Dataset entries:
——————————
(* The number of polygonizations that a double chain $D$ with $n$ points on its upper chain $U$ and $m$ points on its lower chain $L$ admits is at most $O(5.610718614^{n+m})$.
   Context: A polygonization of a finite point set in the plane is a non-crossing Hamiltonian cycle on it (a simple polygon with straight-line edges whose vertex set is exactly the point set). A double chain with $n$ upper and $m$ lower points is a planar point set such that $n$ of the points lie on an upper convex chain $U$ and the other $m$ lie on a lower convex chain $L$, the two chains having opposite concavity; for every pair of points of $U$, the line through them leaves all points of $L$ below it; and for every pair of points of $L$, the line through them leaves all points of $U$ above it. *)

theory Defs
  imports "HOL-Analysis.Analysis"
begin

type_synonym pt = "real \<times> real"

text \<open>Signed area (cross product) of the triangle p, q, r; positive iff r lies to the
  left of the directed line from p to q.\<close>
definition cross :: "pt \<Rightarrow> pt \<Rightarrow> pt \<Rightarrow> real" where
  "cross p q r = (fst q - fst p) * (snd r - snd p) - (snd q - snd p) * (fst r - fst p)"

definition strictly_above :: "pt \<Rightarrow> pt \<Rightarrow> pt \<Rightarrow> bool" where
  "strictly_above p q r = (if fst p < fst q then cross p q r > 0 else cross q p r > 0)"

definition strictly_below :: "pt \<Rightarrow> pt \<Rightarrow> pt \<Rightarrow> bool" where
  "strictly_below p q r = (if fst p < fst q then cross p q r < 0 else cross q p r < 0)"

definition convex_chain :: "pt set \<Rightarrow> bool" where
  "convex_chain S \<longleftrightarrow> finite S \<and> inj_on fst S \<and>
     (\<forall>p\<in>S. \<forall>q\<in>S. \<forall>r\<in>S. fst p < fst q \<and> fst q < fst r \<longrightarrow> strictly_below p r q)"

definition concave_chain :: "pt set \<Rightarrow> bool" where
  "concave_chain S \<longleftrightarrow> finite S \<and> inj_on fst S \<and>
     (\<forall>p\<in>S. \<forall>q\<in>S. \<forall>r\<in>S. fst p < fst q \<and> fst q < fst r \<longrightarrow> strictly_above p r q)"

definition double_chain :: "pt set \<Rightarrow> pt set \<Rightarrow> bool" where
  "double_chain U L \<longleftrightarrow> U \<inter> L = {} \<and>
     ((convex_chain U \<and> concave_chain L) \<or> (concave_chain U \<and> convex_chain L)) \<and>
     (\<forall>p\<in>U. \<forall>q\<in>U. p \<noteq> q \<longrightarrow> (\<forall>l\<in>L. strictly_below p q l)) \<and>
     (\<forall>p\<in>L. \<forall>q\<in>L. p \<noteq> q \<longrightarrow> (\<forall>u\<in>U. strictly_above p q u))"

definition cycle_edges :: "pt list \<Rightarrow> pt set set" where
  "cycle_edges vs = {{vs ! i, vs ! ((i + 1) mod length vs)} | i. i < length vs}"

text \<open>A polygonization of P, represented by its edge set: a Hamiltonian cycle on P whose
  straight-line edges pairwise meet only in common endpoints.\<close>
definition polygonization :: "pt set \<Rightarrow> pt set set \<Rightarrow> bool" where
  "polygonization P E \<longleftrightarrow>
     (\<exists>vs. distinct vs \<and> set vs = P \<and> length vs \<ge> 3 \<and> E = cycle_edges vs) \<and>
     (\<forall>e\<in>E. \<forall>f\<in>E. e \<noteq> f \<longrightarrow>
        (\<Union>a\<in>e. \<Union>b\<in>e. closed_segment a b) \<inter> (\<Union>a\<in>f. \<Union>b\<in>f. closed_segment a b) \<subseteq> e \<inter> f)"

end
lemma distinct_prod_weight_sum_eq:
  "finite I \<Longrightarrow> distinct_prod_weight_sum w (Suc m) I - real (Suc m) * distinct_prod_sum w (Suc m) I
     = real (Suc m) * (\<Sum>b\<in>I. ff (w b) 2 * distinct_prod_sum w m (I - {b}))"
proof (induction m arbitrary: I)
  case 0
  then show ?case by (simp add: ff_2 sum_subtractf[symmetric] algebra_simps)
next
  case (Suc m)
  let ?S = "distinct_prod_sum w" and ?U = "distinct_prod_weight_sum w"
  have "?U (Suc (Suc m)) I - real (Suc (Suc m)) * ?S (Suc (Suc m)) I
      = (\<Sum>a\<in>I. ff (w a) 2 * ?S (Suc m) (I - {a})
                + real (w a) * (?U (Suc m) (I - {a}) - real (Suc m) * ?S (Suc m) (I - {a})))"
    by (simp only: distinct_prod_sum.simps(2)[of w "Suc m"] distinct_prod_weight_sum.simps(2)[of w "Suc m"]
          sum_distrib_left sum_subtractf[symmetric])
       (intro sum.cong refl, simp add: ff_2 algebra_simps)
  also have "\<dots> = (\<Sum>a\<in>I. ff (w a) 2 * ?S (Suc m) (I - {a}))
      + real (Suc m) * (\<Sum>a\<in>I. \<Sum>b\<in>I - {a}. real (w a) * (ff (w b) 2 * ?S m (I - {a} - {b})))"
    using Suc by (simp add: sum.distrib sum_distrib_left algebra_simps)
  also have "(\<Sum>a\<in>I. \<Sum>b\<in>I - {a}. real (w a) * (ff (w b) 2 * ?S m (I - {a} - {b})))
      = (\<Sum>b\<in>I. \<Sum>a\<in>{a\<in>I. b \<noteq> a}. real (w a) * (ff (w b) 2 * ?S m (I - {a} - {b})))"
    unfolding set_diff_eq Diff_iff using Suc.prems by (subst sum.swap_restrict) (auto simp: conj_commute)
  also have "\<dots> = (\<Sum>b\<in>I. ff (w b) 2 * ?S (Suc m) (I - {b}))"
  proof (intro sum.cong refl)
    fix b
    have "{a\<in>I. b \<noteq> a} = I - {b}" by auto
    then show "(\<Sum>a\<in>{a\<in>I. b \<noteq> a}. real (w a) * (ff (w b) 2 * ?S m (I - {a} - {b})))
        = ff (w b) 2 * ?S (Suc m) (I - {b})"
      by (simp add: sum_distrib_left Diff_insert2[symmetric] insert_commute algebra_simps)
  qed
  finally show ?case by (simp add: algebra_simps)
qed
——————————
State the number of lines in the entries above that contain the word "have", and nothing more.

5